BEGIN RECORDS TO USE

text \<open>The library's \<open>dim_sums_Int\<close> needs a finite-dimensional ambient space.\<close>
theorem fdim_subspace_sum_add_fdim_Int:
  fixes U W :: "('b \<Rightarrow> 'f::field) set"
  assumes U: "fs.subspace U" "fin_dim U" and W: "fs.subspace W" "fin_dim W"
  shows "fdim (subspace_sum U W) + fdim (U \<inter> W) = fdim U + fdim W"
proof -
  let ?S = "subspace_sum U W"
  have S: "fs.subspace ?S" "fin_dim ?S"
    using subspace_subspace_sum[OF U(1) W(1)] fin_dim_subspace_sum[OF U(2) W(2)] .
  obtain p :: "('b \<Rightarrow> 'f) \<Rightarrow> ('b \<Rightarrow> 'f)" where p: "module_hom fscale fscale p" "{x\<in>?S. p x = 0} = W"
    by (rule projection_with_kernel[OF S(2) W(1) subset_subspace_sum(2)[OF U(1) W(1)]])
  interpret p: module_hom fscale fscale p by (rule p(1))
  have U_S: "U \<subseteq> ?S" by (rule subset_subspace_sum(1)[OF U(1) W(1)])
  have "p ` ?S = p ` U"
  proof
    show "p ` ?S \<subseteq> p ` U"
    proof
      fix z assume "z \<in> p ` ?S"
      then obtain x y where "x \<in> U" "y \<in> W" "z = p (x + y)" unfolding subspace_sum_def by blast
      moreover have "p y = 0" using p(2) \<open>y \<in> W\<close> by blast
      ultimately show "z \<in> p ` U" by (simp add: p.add)
    qed
  qed (use U_S in blast)
  then have "fdim ?S = fdim W + fdim (p ` U)" using rank_nullity[OF S p(1)] p(2) by simp
  moreover have "{x\<in>U. p x = 0} = U \<inter> W" using p(2) U_S by blast
  then have "fdim U = fdim (U \<inter> W) + fdim (p ` U)" using rank_nullity[OF U p(1)] by simp
  ultimately show ?thesis by linarith
qed

section \<open>Simplicial chains\<close>

text \<open>Pairing the terms \<open>(w, v)\<close> and \<open>(v, w)\<close> instead of arguing \<open>S = -S\<close> keeps this valid in
  characteristic 2.\<close>

lemma sum_offdiag_antisym_eq_0:
  fixes f :: "'a::linorder \<Rightarrow> 'a \<Rightarrow> 'b::ab_group_add"
  assumes "finite D" and antisym: "\<And>v w. v \<in> D \<Longrightarrow> w \<in> D \<Longrightarrow> v \<noteq> w \<Longrightarrow> f v w = - f w v"
  shows "(\<Sum>w\<in>D. \<Sum>v\<in>D - {w}. f w v) = 0"
proof -
  define h where "h w v = (if w < v then f w v else 0)" for w v
  have "(\<Sum>v\<in>D - {w}. f w v) = (\<Sum>v\<in>D. h w v - h v w)" if "w \<in> D" for w
  proof -
    have "h w v - h v w = (if v = w then 0 else f w v)" if "v \<in> D" for v
      using antisym[OF that \<open>w \<in> D\<close>] by (cases v w rule: linorder_cases) (auto simp: h_def)
    then have "(\<Sum>v\<in>D. h w v - h v w) = (\<Sum>v\<in>D. if v = w then 0 else f w v)"
      by (rule sum.cong[OF refl])
    also have "\<dots> = (\<Sum>v\<in>D - {w}. f w v)"
      using assms(1) that by (simp add: sum.If_cases Diff_eq Int_commute)
    finally show ?thesis by simp
  qed
  then have "(\<Sum>w\<in>D. \<Sum>v\<in>D - {w}. f w v) = (\<Sum>w\<in>D. \<Sum>v\<in>D. h w v) - (\<Sum>w\<in>D. \<Sum>v\<in>D. h v w)"
    by (simp add: sum_subtractf)
  also have "(\<Sum>w\<in>D. \<Sum>v\<in>D. h v w) = (\<Sum>w\<in>D. \<Sum>v\<in>D. h w v)" by (rule sum.swap)
  finally show ?thesis by simp
qed

definition face_sign :: "'a::linorder \<Rightarrow> 'a set \<Rightarrow> 'f::field" where
  "face_sign v \<tau> = (-1) ^ card {w\<in>\<tau>. w < v}"

text \<open>The boundary \<^const>\<open>bd\<close> sums over the vertices \<open>v\<close> with \<open>c (insert v \<tau>) \<noteq> 0\<close>, which hides its
  linearity; \<open>boundary_on V\<close> sums over a fixed finite vertex set instead and agrees with it on
  chains over \<open>V\<close> (\<open>bd_eq_boundary_on\<close>).\<close>

definition boundary_on :: "'a::linorder set \<Rightarrow> ('a set \<Rightarrow> 'f::field) \<Rightarrow> ('a set \<Rightarrow> 'f)" where
  "boundary_on V c \<tau> = (\<Sum>v\<in>V - \<tau>. face_sign v \<tau> * c (insert v \<tau>))"

lemma face_sign_mult_self: "face_sign v \<tau> * face_sign v \<tau> = (1::'f::field)"
  by (simp add: face_sign_def flip: power_add mult_2)

lemma face_sign_insert:
  assumes "finite \<tau>" "w \<notin> \<tau>"
  shows "(face_sign v (insert w \<tau>) :: 'f::field) = (if w < v then - face_sign v \<tau> else face_sign v \<tau>)"
proof (cases "w < v")
  case True
  then have "{x\<in>insert w \<tau>. x < v} = insert w {x\<in>\<tau>. x < v}" by auto
  moreover have "card (insert w {x\<in>\<tau>. x < v}) = Suc (card {x\<in>\<tau>. x < v})"
    using assms by (intro card_insert_disjoint) auto
  ultimately show ?thesis using True by (simp add: face_sign_def)
next
  case False
  then have "{x\<in>insert w \<tau>. x < v} = {x\<in>\<tau>. x < v}" by auto
  then show ?thesis using False by (simp add: face_sign_def)
qed

lemma face_sign_swap_insert:
  assumes "finite \<tau>" "w \<notin> \<tau>" "v \<notin> \<tau>" "w \<noteq> v"
  shows "(face_sign v (insert w \<tau>) * face_sign w (insert v \<tau>) :: 'f::field)
    = - (face_sign v \<tau> * face_sign w \<tau>)"
proof (cases w v rule: linorder_cases)
  case less
  then have "\<not> v < w" by simp
  with less show ?thesis
    using face_sign_insert[OF assms(1,2), of v, where 'f='f] face_sign_insert[OF assms(1,3), of w, where 'f='f] by simp
next
  case greater
  then have "\<not> w < v" by simp
  with greater show ?thesis
    using face_sign_insert[OF assms(1,2), of v, where 'f='f] face_sign_insert[OF assms(1,3), of w, where 'f='f] by simp
qed (use assms(4) in simp)

lemma face_sign_swap_iterated:
  assumes "finite \<tau>" "w \<notin> \<tau>" "v \<notin> \<tau>" "w \<noteq> v"
  shows "(face_sign v \<tau> * face_sign w (insert v \<tau>) :: 'f::field)
    = - (face_sign w \<tau> * face_sign v (insert w \<tau>))"
proof (cases w v rule: linorder_cases)
  case less
  then have "\<not> v < w" by simp
  with less show ?thesis
    using face_sign_insert[OF assms(1,2), of v, where 'f='f] face_sign_insert[OF assms(1,3), of w, where 'f='f] by (simp add: mult.commute)
next
  case greater
  then have "\<not> w < v" by simp
  with greater show ?thesis
    using face_sign_insert[OF assms(1,2), of v, where 'f='f] face_sign_insert[OF assms(1,3), of w, where 'f='f] by (simp add: mult.commute)
qed (use assms(4) in simp)

lemma boundary_on_hom: "module_hom fscale fscale (boundary_on V :: ('a::linorder set \<Rightarrow> 'f::field) \<Rightarrow> _)"
proof -
  have "boundary_on V (c + d) = boundary_on V c + boundary_on V d" for c d :: "'a set \<Rightarrow> 'f"
    by (rule ext) (simp add: boundary_on_def sum.distrib ring_distribs)
  moreover have "boundary_on V (fscale a c) = fscale a (boundary_on V c)" for a and c :: "'a set \<Rightarrow> 'f"
    by (rule ext) (simp add: boundary_on_def fscale_def sum_distrib_left mult.left_commute)
  ultimately show ?thesis
    unfolding module_hom_iff by (auto intro: fs.module_axioms)
qed

lemma boundary_on_boundary_on_eq:
  "boundary_on V (boundary_on V c) \<rho> = (\<Sum>w\<in>V - \<rho>. \<Sum>v\<in>V - \<rho> - {w}.
     face_sign w \<rho> * face_sign v (insert w \<rho>) * c (insert v (insert w \<rho>)))"
  unfolding boundary_on_def sum_distrib_left
proof (rule sum.cong[OF refl])
  fix w
  have "V - insert w \<rho> = V - \<rho> - {w}" by blast
  then show "(\<Sum>v\<in>V - insert w \<rho>. face_sign w \<rho> * (face_sign v (insert w \<rho>) * c (insert v (insert w \<rho>))))
    = (\<Sum>v\<in>V - \<rho> - {w}. face_sign w \<rho> * face_sign v (insert w \<rho>) * c (insert v (insert w \<rho>)))"
    by (simp only: mult.assoc)
qed

lemma boundary_on_boundary_on:
  fixes c :: "'a::linorder set \<Rightarrow> 'f::field"
  assumes "finite V" and fin: "\<And>\<sigma>. c \<sigma> \<noteq> 0 \<Longrightarrow> finite \<sigma>"
  shows "boundary_on V (boundary_on V c) = 0"
proof (rule ext)
  fix \<rho>
  define f where "f w v = face_sign w \<rho> * face_sign v (insert w \<rho>) * c (insert v (insert w \<rho>))"
    for w v
  have "(\<Sum>w\<in>V - \<rho>. \<Sum>v\<in>V - \<rho> - {w}. f w v) = 0"
  proof (cases "finite \<rho>")
    case True
    have f_antisym: "f v w = - f w v" if "v \<in> V - \<rho>" "w \<in> V - \<rho>" "v \<noteq> w" for v w
    proof -
      have ins: "insert w (insert v \<rho>) = insert v (insert w \<rho>)" by blast
      have swap: "face_sign v \<rho> * face_sign w (insert v \<rho>)
          = - (face_sign w \<rho> * face_sign v (insert w \<rho>) :: 'f)"
        by (rule face_sign_swap_iterated[OF True]) (use that in auto)
      show ?thesis unfolding f_def ins swap by (rule mult_minus_left)
    qed
    show ?thesis by (rule sum_offdiag_antisym_eq_0[OF finite_Diff[OF assms(1)] f_antisym])
  next
    case False
    have "c (insert v (insert w \<rho>)) = 0" for v w
      using fin[of "insert v (insert w \<rho>)"] False by auto
    then show ?thesis by (simp add: f_def)
  qed
  then show "boundary_on V (boundary_on V c) \<rho> = 0 \<rho>"
    unfolding boundary_on_boundary_on_eq f_def by simp
qed

definition cone_chain :: "'a::linorder \<Rightarrow> ('a set \<Rightarrow> 'f::field) \<Rightarrow> ('a set \<Rightarrow> 'f)" where
  "cone_chain w z \<sigma> = (if w \<in> \<sigma> then face_sign w (\<sigma> - {w}) * z (\<sigma> - {w}) else 0)"

lemma boundary_on_cone_chain_outside:
  assumes "finite V" "w \<in> V" "w \<notin> \<tau>"
  shows "boundary_on V (cone_chain w z) \<tau> = (z \<tau> :: 'f::field)"
proof -
  have "boundary_on V (cone_chain w z) \<tau>
      = face_sign w \<tau> * cone_chain w z (insert w \<tau>)
        + (\<Sum>v\<in>V - \<tau> - {w}. face_sign v \<tau> * cone_chain w z (insert v \<tau>))"
    unfolding boundary_on_def using assms by (intro sum.remove) auto
  also have "(\<Sum>v\<in>V - \<tau> - {w}. face_sign v \<tau> * cone_chain w z (insert v \<tau>)) = 0"
    using assms(3) by (intro sum.neutral) (auto simp: cone_chain_def)
  also have "insert w \<tau> - {w} = \<tau>" using assms(3) by auto
  then have "face_sign w \<tau> * cone_chain w z (insert w \<tau>) = face_sign w \<tau> * face_sign w \<tau> * z \<tau>"
    by (simp add: cone_chain_def)
  finally show ?thesis by (simp add: face_sign_mult_self)
qed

END RECORDS TO USE

• [YOUR GOAL]:
Here the job is to transcribe the lines from the first line of the data through the line containing "qed (use U_S in blast)", inclusive, exactly and with nothing else.

• [SOLUTION FOR THIS TASK]:
text \<open>The library's \<open>dim_sums_Int\<close> needs a finite-dimensional ambient space.\<close>
theorem fdim_subspace_sum_add_fdim_Int:
  fixes U W :: "('b \<Rightarrow> 'f::field) set"
  assumes U: "fs.subspace U" "fin_dim U" and W: "fs.subspace W" "fin_dim W"
  shows "fdim (subspace_sum U W) + fdim (U \<inter> W) = fdim U + fdim W"
proof -
  let ?S = "subspace_sum U W"
  have S: "fs.subspace ?S" "fin_dim ?S"
    using subspace_subspace_sum[OF U(1) W(1)] fin_dim_subspace_sum[OF U(2) W(2)] .
  obtain p :: "('b \<Rightarrow> 'f) \<Rightarrow> ('b \<Rightarrow> 'f)" where p: "module_hom fscale fscale p" "{x\<in>?S. p x = 0} = W"
    by (rule projection_with_kernel[OF S(2) W(1) subset_subspace_sum(2)[OF U(1) W(1)]])
  interpret p: module_hom fscale fscale p by (rule p(1))
  have U_S: "U \<subseteq> ?S" by (rule subset_subspace_sum(1)[OF U(1) W(1)])
  have "p ` ?S = p ` U"
  proof
    show "p ` ?S \<subseteq> p ` U"
    proof
      fix z assume "z \<in> p ` ?S"
      then obtain x y where "x \<in> U" "y \<in> W" "z = p (x + y)" unfolding subspace_sum_def by blast
      moreover have "p y = 0" using p(2) \<open>y \<in> W\<close> by blast
      ultimately show "z \<in> p ` U" by (simp add: p.add)
    qed
  qed (use U_S in blast)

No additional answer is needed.